(RECORDS FOR PROCESSING begins)

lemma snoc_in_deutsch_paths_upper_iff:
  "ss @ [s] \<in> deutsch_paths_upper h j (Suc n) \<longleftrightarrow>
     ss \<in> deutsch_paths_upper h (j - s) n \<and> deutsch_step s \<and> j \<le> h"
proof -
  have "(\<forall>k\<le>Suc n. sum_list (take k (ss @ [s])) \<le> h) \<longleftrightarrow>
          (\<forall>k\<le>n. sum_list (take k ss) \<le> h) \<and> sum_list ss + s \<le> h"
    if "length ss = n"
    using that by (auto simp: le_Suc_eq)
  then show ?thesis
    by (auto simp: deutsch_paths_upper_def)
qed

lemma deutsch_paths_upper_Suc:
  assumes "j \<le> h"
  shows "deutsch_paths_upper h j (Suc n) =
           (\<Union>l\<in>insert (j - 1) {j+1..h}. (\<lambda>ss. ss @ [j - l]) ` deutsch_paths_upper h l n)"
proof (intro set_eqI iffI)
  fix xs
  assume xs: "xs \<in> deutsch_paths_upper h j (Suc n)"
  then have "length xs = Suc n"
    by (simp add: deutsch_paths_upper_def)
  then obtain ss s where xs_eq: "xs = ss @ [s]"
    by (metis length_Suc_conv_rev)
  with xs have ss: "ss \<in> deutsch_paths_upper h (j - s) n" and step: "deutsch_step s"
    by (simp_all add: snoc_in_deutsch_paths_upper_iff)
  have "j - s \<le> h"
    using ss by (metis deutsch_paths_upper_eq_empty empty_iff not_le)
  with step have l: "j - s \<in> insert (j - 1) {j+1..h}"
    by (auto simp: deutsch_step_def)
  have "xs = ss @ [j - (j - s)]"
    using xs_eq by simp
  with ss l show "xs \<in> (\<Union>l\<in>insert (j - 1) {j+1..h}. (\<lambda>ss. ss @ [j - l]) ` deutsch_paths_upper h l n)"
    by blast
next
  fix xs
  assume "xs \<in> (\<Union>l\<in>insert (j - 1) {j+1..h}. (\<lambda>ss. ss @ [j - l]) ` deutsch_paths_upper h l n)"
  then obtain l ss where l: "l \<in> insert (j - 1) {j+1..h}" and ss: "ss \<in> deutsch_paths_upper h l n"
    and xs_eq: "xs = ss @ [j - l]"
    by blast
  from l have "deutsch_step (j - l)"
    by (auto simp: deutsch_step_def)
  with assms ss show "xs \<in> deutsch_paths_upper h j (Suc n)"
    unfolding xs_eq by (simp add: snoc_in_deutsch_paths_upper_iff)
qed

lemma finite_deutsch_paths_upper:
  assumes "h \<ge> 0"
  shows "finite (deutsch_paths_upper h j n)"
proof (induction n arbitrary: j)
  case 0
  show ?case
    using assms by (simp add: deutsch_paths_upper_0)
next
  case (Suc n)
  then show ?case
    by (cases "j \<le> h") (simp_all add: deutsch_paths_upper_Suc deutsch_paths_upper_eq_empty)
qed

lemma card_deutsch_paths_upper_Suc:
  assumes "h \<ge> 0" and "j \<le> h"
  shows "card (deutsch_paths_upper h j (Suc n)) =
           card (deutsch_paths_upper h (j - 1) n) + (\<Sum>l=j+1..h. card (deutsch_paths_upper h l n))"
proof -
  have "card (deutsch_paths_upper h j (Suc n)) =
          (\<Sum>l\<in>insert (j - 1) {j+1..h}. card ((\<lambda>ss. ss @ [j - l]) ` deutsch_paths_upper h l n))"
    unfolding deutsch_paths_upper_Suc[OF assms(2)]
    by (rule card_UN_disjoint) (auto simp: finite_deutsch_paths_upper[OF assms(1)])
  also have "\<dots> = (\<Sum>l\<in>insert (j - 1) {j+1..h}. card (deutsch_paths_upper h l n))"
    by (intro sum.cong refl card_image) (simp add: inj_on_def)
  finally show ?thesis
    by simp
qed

(RECORDS FOR PROCESSING ends)

Restate word for word every line from the one containing "by (intro sum.cong" through the final line of the listing. Both end lines belong in the answer.

    by (intro sum.cong refl card_image) (simp add: inj_on_def)
  finally show ?thesis
    by simp
qed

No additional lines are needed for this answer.